Mini Sprint: Test Stabilization (Apr 28–29) ✅ SHIPPED TO PROD

Goal: get one clean test run from start to finish before doing anything else.

[P0] Verify TS trusted auth ✅ — confirmed working
[P0] Remove testrunner → mike.boone proxy ✅ — testrunner is a real TS user in secloud
[P0] Verify Playwright TS env selection ✅ — confirmed env_label populates on GO
[P1] Fix DATES table date range ✅ — DATES now always spans 2 years regardless of dim_table_size
[P1] Increase fact table default ✅ — bumped from 1k → 5k rows (10k being tested)
Empty table detection ✅ — pipeline now retries/fails loudly if any non-date table is empty after first attempt; fixed Wells Fargo + Best Buy silent 0-row success
Schema name logged to session_logs ✅ — meta["schema"] now set so diagnostics can find the Snowflake schema
Test suite robustness ✅ — selector fallbacks for Liveboard Name + Custom Context; dim_table_size check by row count not name; tag_name JSON guard
[P2] HF container log testing — deferred
[P3] Clean up stale user settings — deferred
[P3] User onboarding via Slack ⚡ — see In Progress below

In Progress / Next Up

User onboarding via Slack ⚡ASAP — see Mini Sprint above
Invite flow — proper invite-link system (token + email) — bigger lift, backlog after Slack onboarding
HTML user guide — expand dev_notes/quick_start_guide.md into a full HTML page hosted on HF doc space
Technology → Software as a Service + Sales run — end-to-end test still pending
App tab UX polish — GO button flow should update pipeline status on right
Enable/disable dropdown items based on matrix coverage
viz_type enforcement — matrix chart type hints → override TS defaults in post-processing
Actual data outliers → liveboard — data_outliers param ready, needs connection from LegitData output

Ideas to Think About (Not Implementing Yet)

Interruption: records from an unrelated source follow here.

(* Let $\alpha>1$ and let $m_0\in\mathrm{BUC}([0,\infty))$ be non-decreasing with $m_0(0)=0$, $M=\sup m_0>0$, and suppose there is $c_0\in(0,\infty)$ with $m_0(\rho)<M$ for $\rho<c_0$ and $m_0(\rho)=M$ for $\rho\ge c_0$. If $$\limsup_{\rho\to c_0^-}\frac{M-m_0(\rho)}{(c_0-\rho)^{\frac\alpha{\alpha-1}}}=+\infty,$$ then there is no waiting time: for every $t>0$, the viscosity solution $m$ of the mass problem with datum $m_0$ satisfies $S(t):=\inf\{\rho: m(t,\rho)=M\}>c_0$.
   Context: $\mathrm{BUC}$ denotes bounded uniformly continuous functions. The mass problem is $m_t+(m_\rho)_+^\alpha m=0$ ($t,\rho>0$), $m(t,0)=0$, $m(0,\cdot)=m_0$, in the viscosity sense: with Fréchet super/subdifferentials $D^\pm$, a continuous $m$ is a subsolution if $p_1+(p_2)_+^\alpha m\le0$ for $(p_1,p_2)\in D^+m(t,\rho)$, $m(0,\cdot)\le m_0$, $m(t,0)\le0$; a supersolution with reversed inequalities and $D^-$; a solution if both. For $m_0\in\mathrm{BUC}$ non-decreasing with $m_0(0)=0$ a unique $\mathrm{BUC}$ viscosity solution exists and a comparison principle holds. *)

theory Defs
  imports "HOL-Analysis.Analysis"
begin

definition quadrant :: "(real \<times> real) set" where
  "quadrant = {0..} \<times> {0..}"

definition frechet_superdiff :: "(real \<Rightarrow> real \<Rightarrow> real) \<Rightarrow> real \<Rightarrow> real \<Rightarrow> (real \<times> real) set" where
  "frechet_superdiff u t \<rho> = {(p1, p2). \<forall>\<epsilon>>0. \<exists>\<delta>>0. \<forall>s r. s \<ge> 0 \<longrightarrow> r \<ge> 0 \<longrightarrow>
      norm ((s, r) - (t, \<rho>)) < \<delta> \<longrightarrow>
      u s r - u t \<rho> - p1 * (s - t) - p2 * (r - \<rho>) \<le> \<epsilon> * norm ((s, r) - (t, \<rho>))}"

definition frechet_subdiff :: "(real \<Rightarrow> real \<Rightarrow> real) \<Rightarrow> real \<Rightarrow> real \<Rightarrow> (real \<times> real) set" where
  "frechet_subdiff u t \<rho> = {(p1, p2). \<forall>\<epsilon>>0. \<exists>\<delta>>0. \<forall>s r. s \<ge> 0 \<longrightarrow> r \<ge> 0 \<longrightarrow>
      norm ((s, r) - (t, \<rho>)) < \<delta> \<longrightarrow>
      u s r - u t \<rho> - p1 * (s - t) - p2 * (r - \<rho>) \<ge> - \<epsilon> * norm ((s, r) - (t, \<rho>))}"

definition posp_pow :: "real \<Rightarrow> real \<Rightarrow> real" where
  "posp_pow \<alpha> p = (max p 0) powr \<alpha>"

definition mass_subsolution :: "real \<Rightarrow> (real \<Rightarrow> real) \<Rightarrow> (real \<Rightarrow> real \<Rightarrow> real) \<Rightarrow> bool" where
  "mass_subsolution \<alpha> m0 m \<longleftrightarrow>
     continuous_on quadrant (\<lambda>(t, \<rho>). m t \<rho>) \<and>
     (\<forall>t>0. \<forall>\<rho>>0. \<forall>(p1, p2) \<in> frechet_superdiff m t \<rho>. p1 + posp_pow \<alpha> p2 * m t \<rho> \<le> 0) \<and>
     (\<forall>\<rho>\<ge>0. m 0 \<rho> \<le> m0 \<rho>) \<and> (\<forall>t\<ge>0. m t 0 \<le> 0)"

Spotter Viz Story — Matrix-Grounded Single Story

Current state: _generate_spotter_viz_story() generates two sections (persona-driven from matrix + AI-generated LLM story) combined into one Markdown block.

Proposed approach:

Single cohesive story (no split tabs) — the matrix IS the foundation, AI adds glue
Take liveboard_questions from the config → generate high-level NL prompts (not granular)
- e.g. "Show revenue for the last 3 months as a KPI" / "Revenue by region as a bar chart"
AI's role: light narrative that connects the dots, names the story, adds 1-2 sentences per step
Keep it simple — the goal is a ready-to-use demo script, not documentation
Both sections currently generated sequentially after ThoughtSpot deploy; could stay that way

Async Pipeline — Parallel ThoughtSpot + Data Population

Current pipeline is fully sequential: Research → DDL → Create Tables → Populate → TS Model → Liveboard

Dependency analysis:

Research ──► DDL ──► Create Tables ─┬──► Populate Data (LegitData)  ──┐
                                    │                                   ├──► MCP Liveboard
                                    └──► TS Model + Connections ────────┘
                                         (semantic layer, column naming,
                                          sharing, tagging, Sage index)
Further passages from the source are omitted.